A few half-baked thoughts from someone who knows basically nothing about this system:

If forest and bog represent alternative stable states, with fire switching from the former to the latter, then there must be feedback processes that maintain suitable conditions for tree regeneration under forest canopy as well as feedbacks that maintain sphagnum and keep seedlings out. You're hypothesizing desiccation as a bog-maintaining feedback, driven by the height of the moss layer above the water table and exacerbated by the exposed microclimate. That seems to imply the effect of DWT depends on the microclimatic context (e.g. temperature, wind speed, humidity) so it would be expected to vary across patches of different vegetation structure. Do you have direct evidence of seedling mortality caused by desiccation? (I suspect the answer is yes, based on the plantation study, but TBH I don't remember.)

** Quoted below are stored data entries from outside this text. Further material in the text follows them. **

lemma sieved_alt_sum_power_dvd_diff:
  assumes "0 < N" and m: "m = n div N" and "m \<le> l"
    and moments: "\<And>t. t < m \<Longrightarrow> d dvd sieved_alt_sum n N (\<lambda>j. int j ^ t)"
  shows "d dvd sieved_alt_sum n N (\<lambda>j. int j ^ l)
    - int (Stirling l m) * int (n choose (m * N)) * (-1) ^ (m * N) * fact m"
proof -
  let ?F = "\<lambda>i. int (Stirling l i) * sieved_alt_sum n N (\<lambda>j. poly (falling_poly i) (int j))"
  have "sieved_alt_sum n N (\<lambda>j. int j ^ l) = (\<Sum>i\<le>l. ?F i)"
    by (simp add: power_eq_sum_Stirling_falling[where x = "int _"] sieved_alt_sum_sum
        sieved_alt_sum_cmult)
  also have "\<dots> = ?F m + (\<Sum>i\<in>{..l} - {m}. ?F i)"
    using \<open>m \<le> l\<close> by (subst sum.remove[of _ m]) auto
  finally have split: "sieved_alt_sum n N (\<lambda>j. int j ^ l) = ?F m + (\<Sum>i\<in>{..l} - {m}. ?F i)" .
  have "d dvd ?F i" if "i \<noteq> m" for i
  proof (cases "i < m")
    case True
    then show ?thesis
      using degree_falling_poly_le[of i, where 'a = int] moments
      by (intro dvd_mult sieved_alt_sum_poly_dvd[of _ m]) auto
  next
    case False
    then show ?thesis using that m by (simp add: sieved_alt_sum_falling_poly_gt)
  qed
  then have "d dvd (\<Sum>i\<in>{..l} - {m}. ?F i)" by (intro dvd_sum) auto
  then show ?thesis
    using assms by (simp add: split sieved_alt_sum_falling_poly_self)
qed

section \<open>Moments of binomial coefficients of fixed parity\<close>

definition parity_moment :: "nat \<Rightarrow> bool \<Rightarrow> nat \<Rightarrow> int" where
  "parity_moment b q t = (\<Sum>s\<le>b. if even s = q then int (b choose s) * int s ^ t else 0)"

lemma parity_moment_Suc_0: "parity_moment (Suc b) q 0 = 2 ^ b"
proof -
  have "2 * parity_moment (Suc b) q 0 = 2 ^ Suc b"
    unfolding parity_moment_def power_0 mult_1_right
    using choose_even_sum[of "Suc b", where 'a = int] choose_odd_sum[of "Suc b", where 'a = int]
    by (cases q) (simp_all del: sum.atMost_Suc)
  then show ?thesis by simp
qed

lemma parity_moment_Suc_Suc:
  "parity_moment (Suc b) q (Suc t)
    = int (Suc b) * (\<Sum>w\<le>t. int (t choose w) * parity_moment b (\<not> q) w)"
proof -
  have summand: "int (Suc b choose Suc s) * int (Suc s) ^ Suc t
      = int (Suc b) * (\<Sum>w\<le>t. int (t choose w) * (int (b choose s) * int s ^ w))" for s
  proof -
    have binom: "int (Suc b choose Suc s) * int (Suc s) = int (Suc b) * int (b choose s)"
      by (metis Suc_times_binomial_eq of_nat_mult)
    have power: "int (Suc s) ^ t = (\<Sum>w\<le>t. of_nat (t choose w) * int s ^ w * 1 ^ (t - w))"
      by (subst binomial_ring[symmetric]) (simp add: add.commute)
    have "int (Suc b choose Suc s) * int (Suc s) ^ Suc t
        = (int (Suc b choose Suc s) * int (Suc s)) * int (Suc s) ^ t"
      by (simp only: power_Suc mult_ac)
    also have "\<dots> = int (Suc b) * (\<Sum>w\<le>t. int (t choose w) * (int (b choose s) * int s ^ w))"
      unfolding binom power by (simp add: sum_distrib_left mult_ac)
    finally show ?thesis .
  qed
  have "parity_moment (Suc b) q (Suc t)
      = (\<Sum>s\<le>b. if even s = (\<not> q) then int (Suc b choose Suc s) * int (Suc s) ^ Suc t else 0)"
    by (simp add: parity_moment_def sum.atMost_Suc_shift del: sum.atMost_Suc)
  also have "\<dots> = int (Suc b) * (\<Sum>w\<le>t. int (t choose w) * parity_moment b (\<not> q) w)"
    unfolding summand parity_moment_def sum_distrib_left
    by (subst sum.swap) (intro sum.cong; simp)
  finally show ?thesis .
qed

lemma parity_moment_True_eq_False: "t < b \<Longrightarrow> parity_moment b True t = parity_moment b False t"
proof (induction b arbitrary: t)
  case (Suc b)
  show ?case
  proof (cases t)
    case (Suc t')
    then have "parity_moment b True w = parity_moment b False w" if "w \<le> t'" for w
      using Suc.IH Suc.prems that by simp
    then show ?thesis
      using Suc by (simp add: parity_moment_Suc_Suc del: of_nat_Suc)
  qed (simp add: parity_moment_Suc_0)
qed simp

lemma alternating_moment_eq_0: "t < n \<Longrightarrow> (\<Sum>k\<le>n. int (n choose k) * (-1) ^ k * int k ^ t) = 0"
proof -
  assume "t < n"
  have "(\<Sum>k\<le>n. int (n choose k) * (-1) ^ k * int k ^ t)
      = parity_moment n True t - parity_moment n False t"
    unfolding parity_moment_def sum_subtractf[symmetric] by (intro sum.cong) auto
  then show ?thesis using parity_moment_True_eq_False[OF \<open>t < n\<close>] by simp
qed

lemma pow2_v2_fact_dvd_parity_moment: "(2::int) ^ v2 (fact b) dvd parity_moment b q t"
proof (induction b arbitrary: q t)
  case (Suc b)
  show ?case
  proof (cases t)
    case 0
    have "v2 (fact (Suc b)) \<le> b" using v2_fact_less[of "Suc b"] by simp
    then show ?thesis using 0 by (simp add: parity_moment_Suc_0 le_imp_power_dvd)
  next
    case (Suc t')
    have "(2::int) ^ v2 (fact b) dvd (\<Sum>w\<le>t'. int (t' choose w) * parity_moment b (\<not> q) w)"
      using Suc.IH by (intro dvd_sum dvd_mult)
    then have "int (Suc b) * 2 ^ v2 (fact b) dvd parity_moment (Suc b) q t"
      unfolding Suc parity_moment_Suc_Suc by (rule mult_dvd_mono[OF dvd_refl])
    then show ?thesis using v2_fact_Suc_dvd[of b] by (rule dvd_trans[rotated])
  qed
qed simp

section \<open>Moments of polynomial coefficients along residue classes\<close>

(* The factor 2 lets the class of odd exponents of (1 + X^K)^b modulo 2 K be expressed through
   ordinary moments, since 2 (s div 2) = s - 1 for odd s. *)
definition residue_moment :: "nat \<Rightarrow> int poly \<Rightarrow> nat \<Rightarrow> nat \<Rightarrow> int" where
  "residue_moment N f r t =
    (\<Sum>k\<le>degree f. if k mod N = r then coeff f k * (2 * int (k div N)) ^ t else 0)"

lemma residue_moment_eq_sum_atMost:
  assumes "degree f \<le> D"
  shows "residue_moment N f r t =
    (\<Sum>k\<le>D. if k mod N = r then coeff f k * (2 * int (k div N)) ^ t else 0)"
  unfolding residue_moment_def
  by (rule sum.mono_neutral_left) (use assms in \<open>auto simp: coeff_eq_0\<close>)

lemma residue_moment_add:
  "residue_moment N (f + g) r t = residue_moment N f r t + residue_moment N g r t"
proof -
  let ?D = "max (degree f) (degree g)"
  have "degree (f + g) \<le> ?D" by (rule degree_add_le) auto
  then show ?thesis
    by (simp add: residue_moment_eq_sum_atMost[of _ ?D] sum.distrib[symmetric]
        residue_moment_eq_sum_atMost[of f ?D, OF max.cobounded1]
        residue_moment_eq_sum_atMost[of g ?D, OF max.cobounded2];
        intro sum.cong; simp add: algebra_simps)
qed

lemma residue_moment_smult: "residue_moment N (smult c f) r t = c * residue_moment N f r t"
proof -
  have "residue_moment N (smult c f) r t =
      (\<Sum>k\<le>degree f. if k mod N = r then coeff (smult c f) k * (2 * int (k div N)) ^ t else 0)"
    by (rule residue_moment_eq_sum_atMost) (rule degree_smult_le)
  also have "\<dots> = c * residue_moment N f r t"
    unfolding residue_moment_def sum_distrib_left by (intro sum.cong) auto
  finally show ?thesis .
qed

lemma residue_moment_0 [simp]: "residue_moment N 0 r t = 0"
  unfolding residue_moment_def by (intro sum.neutral) simp

lemma residue_moment_sum: "residue_moment N (\<Sum>i\<in>A. f i) r t = (\<Sum>i\<in>A. residue_moment N (f i) r t)"
  by (induction A rule: infinite_finite_induct) (auto simp: residue_moment_add)

lemma residue_moment_monom:
  "residue_moment N (monom c k) r t = (if k mod N = r then c * (2 * int (k div N)) ^ t else 0)"
proof -
  have "residue_moment N (monom c k) r t =
      (\<Sum>i\<le>k. if i = k then (if k mod N = r then c * (2 * int (k div N)) ^ t else 0) else 0)"
    unfolding residue_moment_eq_sum_atMost[OF degree_monom_le] by (intro sum.cong) auto
  then show ?thesis by simp
qed

lemma residue_moment_pCons_0:
  assumes "0 < r" "r < N"
  shows "residue_moment N (pCons 0 f) r t = residue_moment N f (r - 1) t"
proof -
  let ?g = "\<lambda>f r k. if k mod N = r then coeff f k * (2 * int (k div N)) ^ t else 0"
  have "residue_moment N (pCons 0 f) r t
      = ?g (pCons 0 f) r 0 + (\<Sum>k\<le>degree f. ?g (pCons 0 f) r (Suc k))"
    by (simp add: residue_moment_eq_sum_atMost[OF degree_pCons_le] sum.atMost_Suc_shift
        del: sum.atMost_Suc)
  also have "\<dots> = (\<Sum>k\<le>degree f. ?g f (r - 1) k)"
  proof -
    have "?g (pCons 0 f) r (Suc k) = ?g f (r - 1) k" for k
      using assms by (auto simp: mod_Suc div_Suc)
    then show ?thesis by simp
  qed
  finally show ?thesis by (simp add: residue_moment_def)
qed

lemma residue_moment_pCons_0_zero:
  assumes "0 < N"
  shows "residue_moment N (pCons 0 f) 0 t =
    (\<Sum>s\<le>t. of_nat (t choose s) * 2 ^ (t - s) * residue_moment N f (N - 1) s)"
proof -
  let ?g = "\<lambda>f r t k. if k mod N = r then coeff f k * (2 * int (k div N)) ^ t else 0"
  have shift: "?g (pCons 0 f) 0 t (Suc k)
      = (\<Sum>s\<le>t. of_nat (t choose s) * 2 ^ (t - s) * ?g f (N - 1) s k)" for k
  proof (cases "Suc k mod N = 0")
    case True
    then have "k mod N = N - 1" "Suc k div N = Suc (k div N)"
      using assms by (auto simp: mod_Suc div_Suc split: if_splits)
    moreover have "(2 * int (Suc (k div N))) ^ t = (2 * int (k div N) + 2) ^ t"
      by (simp add: algebra_simps)
    moreover have "\<dots> = (\<Sum>s\<le>t. of_nat (t choose s) * (2 * int (k div N)) ^ s * 2 ^ (t - s))"
      by (rule binomial_ring)
    ultimately show ?thesis
      using True by (simp add: sum_distrib_left algebra_simps)
  next
    case False
    then have "k mod N \<noteq> N - 1" using assms by (auto simp: mod_Suc split: if_splits)
    then show ?thesis using False by simp
  qed
  have "residue_moment N (pCons 0 f) 0 t
      = ?g (pCons 0 f) 0 t 0 + (\<Sum>k\<le>degree f. ?g (pCons 0 f) 0 t (Suc k))"
    by (simp add: residue_moment_eq_sum_atMost[OF degree_pCons_le] sum.atMost_Suc_shift
        del: sum.atMost_Suc)
  also have "\<dots> = (\<Sum>k\<le>degree f. \<Sum>s\<le>t. of_nat (t choose s) * 2 ^ (t - s) * ?g f (N - 1) s k)"
    by (simp add: shift)
  also have "\<dots> = (\<Sum>s\<le>t. of_nat (t choose s) * 2 ^ (t - s) * residue_moment N f (N - 1) s)"
    by (subst sum.swap) (simp add: residue_moment_def sum_distrib_left)
  finally show ?thesis .
qed

definition residue_moments_dvd :: "nat \<Rightarrow> nat \<Rightarrow> int poly \<Rightarrow> bool" where
  "residue_moments_dvd N e f \<longleftrightarrow> (\<forall>r<N. \<forall>t. (2::int) ^ e dvd residue_moment N f r t)"

lemma residue_moments_dvd_add:
  "residue_moments_dvd N e f \<Longrightarrow> residue_moments_dvd N e g \<Longrightarrow> residue_moments_dvd N e (f + g)"
  by (simp add: residue_moments_dvd_def residue_moment_add)

lemma residue_moments_dvd_smult:
  "residue_moments_dvd N e f \<Longrightarrow> (2::int) ^ j dvd c \<Longrightarrow> residue_moments_dvd N (e + j) (smult c f)"
  by (auto simp: residue_moments_dvd_def residue_moment_smult power_add mult.commute
      intro: mult_dvd_mono)

lemma residue_moments_dvd_mono:
  "residue_moments_dvd N e f \<Longrightarrow> e' \<le> e \<Longrightarrow> residue_moments_dvd N e' f"
  unfolding residue_moments_dvd_def by (meson dvd_trans le_imp_power_dvd)

lemma residue_moments_dvd_0 [simp]: "residue_moments_dvd N e 0"
  by (simp add: residue_moments_dvd_def)

lemma residue_moments_dvd_sum:
  "(\<And>i. i \<in> A \<Longrightarrow> residue_moments_dvd N e (f i)) \<Longrightarrow> residue_moments_dvd N e (\<Sum>i\<in>A. f i)"
  by (induction A rule: infinite_finite_induct) (auto intro: residue_moments_dvd_add)

lemma residue_moments_dvd_pCons_0:
  assumes "0 < N" "residue_moments_dvd N e f"
  shows "residue_moments_dvd N e (pCons 0 f)"
  unfolding residue_moments_dvd_def
proof (intro allI impI)
  fix r t assume r: "r < N"
  show "(2::int) ^ e dvd residue_moment N (pCons 0 f) r t"
  proof (cases "r = 0")
    case True
    have "N - 1 < N" using assms by simp
    then show ?thesis using True assms(2) unfolding residue_moments_dvd_def
      by (simp add: residue_moment_pCons_0_zero[OF assms(1)] dvd_sum)
  next
    case False
    then show ?thesis
      using r assms(2) unfolding residue_moments_dvd_def by (simp add: residue_moment_pCons_0)
  qed
qed

lemma residue_moments_dvd_mult:
  assumes "0 < N" "residue_moments_dvd N e f"
  shows "residue_moments_dvd N e (g * f)"
proof (induction g)
  case 0 then show ?case by simp
next
  case (pCons a g)
  have "residue_moments_dvd N (e + 0) (smult a f)"
    using assms(2) by (intro residue_moments_dvd_smult) auto
  then show ?case
    using pCons assms by (auto intro: residue_moments_dvd_add residue_moments_dvd_pCons_0)
qed

section \<open>Moments of the coefficients of (1 + X)^n\<close>

lemma one_plus_monom_power:
  "(1 + monom (1::int) K) ^ b = (\<Sum>s\<le>b. monom (of_nat (b choose s)) (K * s))"
proof -
  have "(monom (1::int) K + 1) ^ b = (\<Sum>s\<le>b. of_nat (b choose s) * monom 1 K ^ s * 1 ^ (b - s))"
    by (rule binomial_ring)
  also have "\<dots> = (\<Sum>s\<le>b. monom (of_nat (b choose s)) (K * s))"
    by (intro sum.cong) (auto simp: monom_power of_nat_mult_conv_smult smult_monom mult.commute)
  finally show ?thesis by (simp add: add.commute)
qed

On the other side, what feedbacks maintain forest canopy and promote seedling establishment? Is sphagnum absent / less abundant / lower in stature in forest stands? If so, is that because it gets shaded out, or what? This is probably a dumb question, but can the vegetation itself influence the water table depth, e.g. through evapotranspiration?

Alternatively (no pun intended), maybe forest and bog don't represent alternative stable states. Maybe Burned Forest is not a climax but a seral stage that is just taking a loooong time to be invaded by these slow-growing, classically K-selected trees. Or maybe environmental conditions have shifted in some way that disfavors seedling recruitment, so the pre-fire forest and the current bog aren't actually occupying "the same habitat". No doubt you've considered these alternative hypotheses, and of course the last one may be impossible to rule out without long-term (pre-fire) monitoring data.

As for those marginal effects plots of DWT ... boy, hard to know what to make of that. Lots of noise, some of which may be explained by other known covariates. If I squint at the middle plots (without the linear fits) I could convince myself that they're consistent with your hypothesis of an optimal DWT:

One of the driving ideas was that young/small seedlings may desiccate, even in the wet bog patch, during the drought season because their roots are too far from the water table given the height/thickness of the Sphagnum lawns. Yet, young seedlings are also likely to die from lengthy surface inundation.

Except the unimodal pattern is, if anything, clearer in Forest, Bog Forest, and Transition than in Bog, and the "optimum" seems to occur well away from zero. (BTW, I've been wondering why Transition and Burned Forest aren't included in the models we've been discussing.) But these are snapshot measurements of DWT, right? Could a plot with a value of, say, 10 cm be fully inundated during the wet season?

A more rigorous way to check for departures from linearity would be to statistically control for other sources of variation; that is, plot the residuals from some larger model rather than the raw data as shown here. But then that gets tricky because Poisson residuals are not well-defined / well-behaved.

Not sure if any of that helps, but I did warn you.